Братья переглянулись и пришли к короткому выводу:
– Если и заявится, убьём! И в пекло! он, шинора, убегать вздумал от честного народа, а сестра загибайся?
Не было меж ними и слова сказано о сердечных делах, а всё же чернела Божена от отчаяния. И отчаяние повело её в тяжёлый хмарный день на тропу чёрную, куда и ступать-то не следовало бы!
– Дурное ты задумала, дурное! – шептала Иренка. – Погубишь себя, а проку? И для кого? Тьфу!
– Умолкни! – прорезалась в Божене посреди отчаяния странная жестокость, и слова Иренки не устыдили её. Знала она, что прознай кто в деревне, от насмешек не спастись. Одно дело горем чернеть, другое – на дурнотропье идти.
Но шла, готова было ко всему.
– Ты ночью калитку отопри только, – уговаривала Божена, – отопри и только. И к себе ступай. А я к утру уж вернусь!
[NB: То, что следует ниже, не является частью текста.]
lemma E2_Lambda_Y_yy_mult:
  assumes g: "yfree g"
  shows "E2 (Lambda_Y (yy k * g)) = Lambda_Y (E2 (yy k * g))"
proof -
  define N where "N = k + bnd g"
  define M where "M = N + Max ((\<lambda>n. bnd (Lambda_entry n k g) + bnd (E_entry n k g)) ` {0..N})"
  have bound_Lambda: "n + bnd (Lambda_entry n k g) \<le> M" and bound_E: "n + bnd (E_entry n k g) \<le> M"
    if "n \<in> {0..N}" for n
  proof -
    have "bnd (Lambda_entry n k g) + bnd (E_entry n k g)
        \<le> Max ((\<lambda>n. bnd (Lambda_entry n k g) + bnd (E_entry n k g)) ` {0..N})"
      using that by (intro Max_ge) auto
    moreover have "n \<le> N" using that by simp
    ultimately show "n + bnd (Lambda_entry n k g) \<le> M" "n + bnd (E_entry n k g) \<le> M"
      unfolding M_def by linarith+
  qed
  have "E2 (Lambda_Y (yy k * g)) = (\<Sum>n\<in>{0..N}. E2 (yy n * Lambda_entry n k g))"
    unfolding N_def by (simp add: Lambda_Y_yy_mult[OF g order_refl] linear_op_sum[OF linear_op_E2])
  also have "\<dots> = (\<Sum>n\<in>{0..N}. \<Sum>m\<in>{0..M}. yy m * E_entry m n (Lambda_entry n k g))"
    by (intro sum.cong refl E2_yy_mult yfree_Lambda_entry g bound_Lambda)
  also have "\<dots> = (\<Sum>m\<in>{0..M}. yy m * (\<Sum>n\<in>{0..N}. E_entry m n (Lambda_entry n k g)))"
    by (subst sum.swap) (simp add: sum_distrib_left)
  also have "\<dots> = (\<Sum>m\<in>{0..M}. yy m * (\<Sum>n\<in>{0..N}. Lambda_entry m n (E_entry n k g)))"
    by (simp add: entry_products_commute N_def)
  also have "\<dots> = (\<Sum>n\<in>{0..N}. \<Sum>m\<in>{0..M}. yy m * Lambda_entry m n (E_entry n k g))"
    by (subst sum.swap) (simp add: sum_distrib_left)
  also have "\<dots> = (\<Sum>n\<in>{0..N}. Lambda_Y (yy n * E_entry n k g))"
    by (intro sum.cong refl Lambda_Y_yy_mult[symmetric] yfree_E_entry g bound_E)
  also have "\<dots> = Lambda_Y (E2 (yy k * g))"
    unfolding N_def by (simp add: E2_yy_mult[OF g order_refl] linear_op_sum[OF linear_op_Lambda_Y])
  finally show ?thesis .
qed

lemma E2_Y_plus_yy_mult:
  assumes g: "yfree g"
  shows "E2 (Y_plus (yy k * g)) = Y_plus (E2 (yy k * g)) + 2 * Y_plus (Lambda_Y (yy k * g))"
proof -
  define N where "N = k + bnd g"
  have N: "k + bnd g \<le> N" and N': "Suc k + bnd g \<le> Suc N" by (simp_all add: N_def)
  have "E2 (Y_plus (yy k * g)) = (\<Sum>m\<in>{0..Suc N}. yy m * E_entry m (Suc k) g)"
    using E2_yy_mult[OF g N'] by (simp add: Y_plus_yy_mult[OF g])
  also have "\<dots> = (\<Sum>m\<in>{0..N}. yy (m+1) * E_entry (Suc m) (Suc k) g)"
    by (subst sum.atLeast0_atMost_Suc_shift) (simp add: E_entry_def)
  also have "\<dots> = (\<Sum>m\<in>{0..N}. yy (m+1) * E_entry m k g) + 2 * (\<Sum>m\<in>{0..N}. yy (m+1) * Lambda_entry m k g)"
    by (simp add: E_entry_Suc_Suc distrib_left sum.distrib sum_distrib_left mult.left_commute)
  also have "(\<Sum>m\<in>{0..N}. yy (m+1) * E_entry m k g) = Y_plus (E2 (yy k * g))"
    by (simp add: E2_yy_mult[OF g N] linear_op_sum[OF linear_op_Y_plus] Y_plus_yy_mult yfree_E_entry[OF g])
  also have "(\<Sum>m\<in>{0..N}. yy (m+1) * Lambda_entry m k g) = Y_plus (Lambda_Y (yy k * g))"
    by (simp add: Lambda_Y_yy_mult[OF g N] linear_op_sum[OF linear_op_Y_plus] Y_plus_yy_mult
        yfree_Lambda_entry[OF g])
  finally show ?thesis .
qed

lemma Theta_Y_E2_yy_mult_expand:
  assumes g: "yfree g" and k: "1 \<le> k" and N: "k + bnd g \<le> N"
  shows "Theta_Y (E2 (yy k * g)) = pp k * D2 g
    + (2 * (1 + b_poly) * (\<Sum>i\<in>{1..N}. of_nat (i*k) * pp (i+k) * dP i g)
       + of_nat k * (\<Sum>i\<in>{1..<k}. pp i * pp (k-i) * g)
       + b_poly * (of_nat (k*(k-1)) * pp k * g))"
proof -
  have kN: "k \<le> N" using N by simp
  let ?F = "\<lambda>m. if 1 \<le> m then pp m * E_entry m k g else 0"
  have "Theta_Y (E2 (yy k * g)) = (\<Sum>m\<in>{0..N}. ?F m)"
    by (simp add: E2_yy_mult[OF g N] linear_op_sum[OF linear_op_Theta_Y] Theta_Y_yy_mult yfree_E_entry[OF g])
  moreover have "(\<Sum>m\<in>{0..<k}. ?F m) = of_nat k * (\<Sum>i\<in>{1..<k}. pp i * pp (k-i) * g)"
  proof -
    have "(\<Sum>m\<in>{0..<k}. ?F m) = 2 * (\<Sum>m\<in>{1..<k}. of_nat m * (pp m * pp (k-m) * g))"
      by (subst sum_atLeastLessThan_drop_zero) (simp_all add: sum_distrib_left E_entry_def mult_ac)
    also have "\<dots> = of_nat k * (\<Sum>i\<in>{1..<k}. of_nat 1 * (pp i * pp (k-i) * g))"
      by (rule sum_symmetrize) (simp_all add: mult_ac)
    finally show ?thesis by simp
  qed
  moreover have "(\<Sum>m\<in>{Suc k..N}. ?F m) = 2 * (1 + b_poly) * (\<Sum>i\<in>{1..N}. of_nat (i*k) * pp (i+k) * dP i g)"
  proof -
    have "(\<Sum>m\<in>{Suc k..N}. ?F m) = 2 * (1 + b_poly) * (\<Sum>j\<in>{1..N-k}. of_nat (j*k) * pp (j+k) * dP j g)"
      unfolding sum_atLeastAtMost_Suc_shift[OF kN] sum_distrib_left
      by (rule sum.cong) (auto simp: E_entry_def algebra_simps)
    also have "(\<Sum>j\<in>{1..N-k}. of_nat (j*k) * pp (j+k) * dP j g) = (\<Sum>i\<in>{1..N}. of_nat (i*k) * pp (i+k) * dP i g)"
      by (rule sum_atLeastAtMost_truncate[symmetric]) (use N in \<open>auto simp: pderiv_var_eq_0_bnd\<close>)
    finally show ?thesis .
  qed
  moreover have "?F k = pp k * D2 g + b_poly * (of_nat (k*(k-1)) * pp k * g)"
    using k by (simp add: E_entry_def algebra_simps del: of_nat_mult of_nat_diff)
  ultimately show ?thesis
    unfolding sum_atLeastAtMost_split_at[OF kN] by (simp add: algebra_simps)
qed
Иренка покивала. Жалела подругу, а только сговорились они, к матери Божены бросилась:
– Божена ночью на дурнотропь собралась! К колдунье!
Знала Иренка что доверия Божены лишается. Знала, что запрут ту дома, приставят, если надо, и девку к ней, а не спустят больше. Дурнотропь – это чёрная дорога. Там колдунья, там смерть. И не стоит ни один босяк того, чтобы туда идти.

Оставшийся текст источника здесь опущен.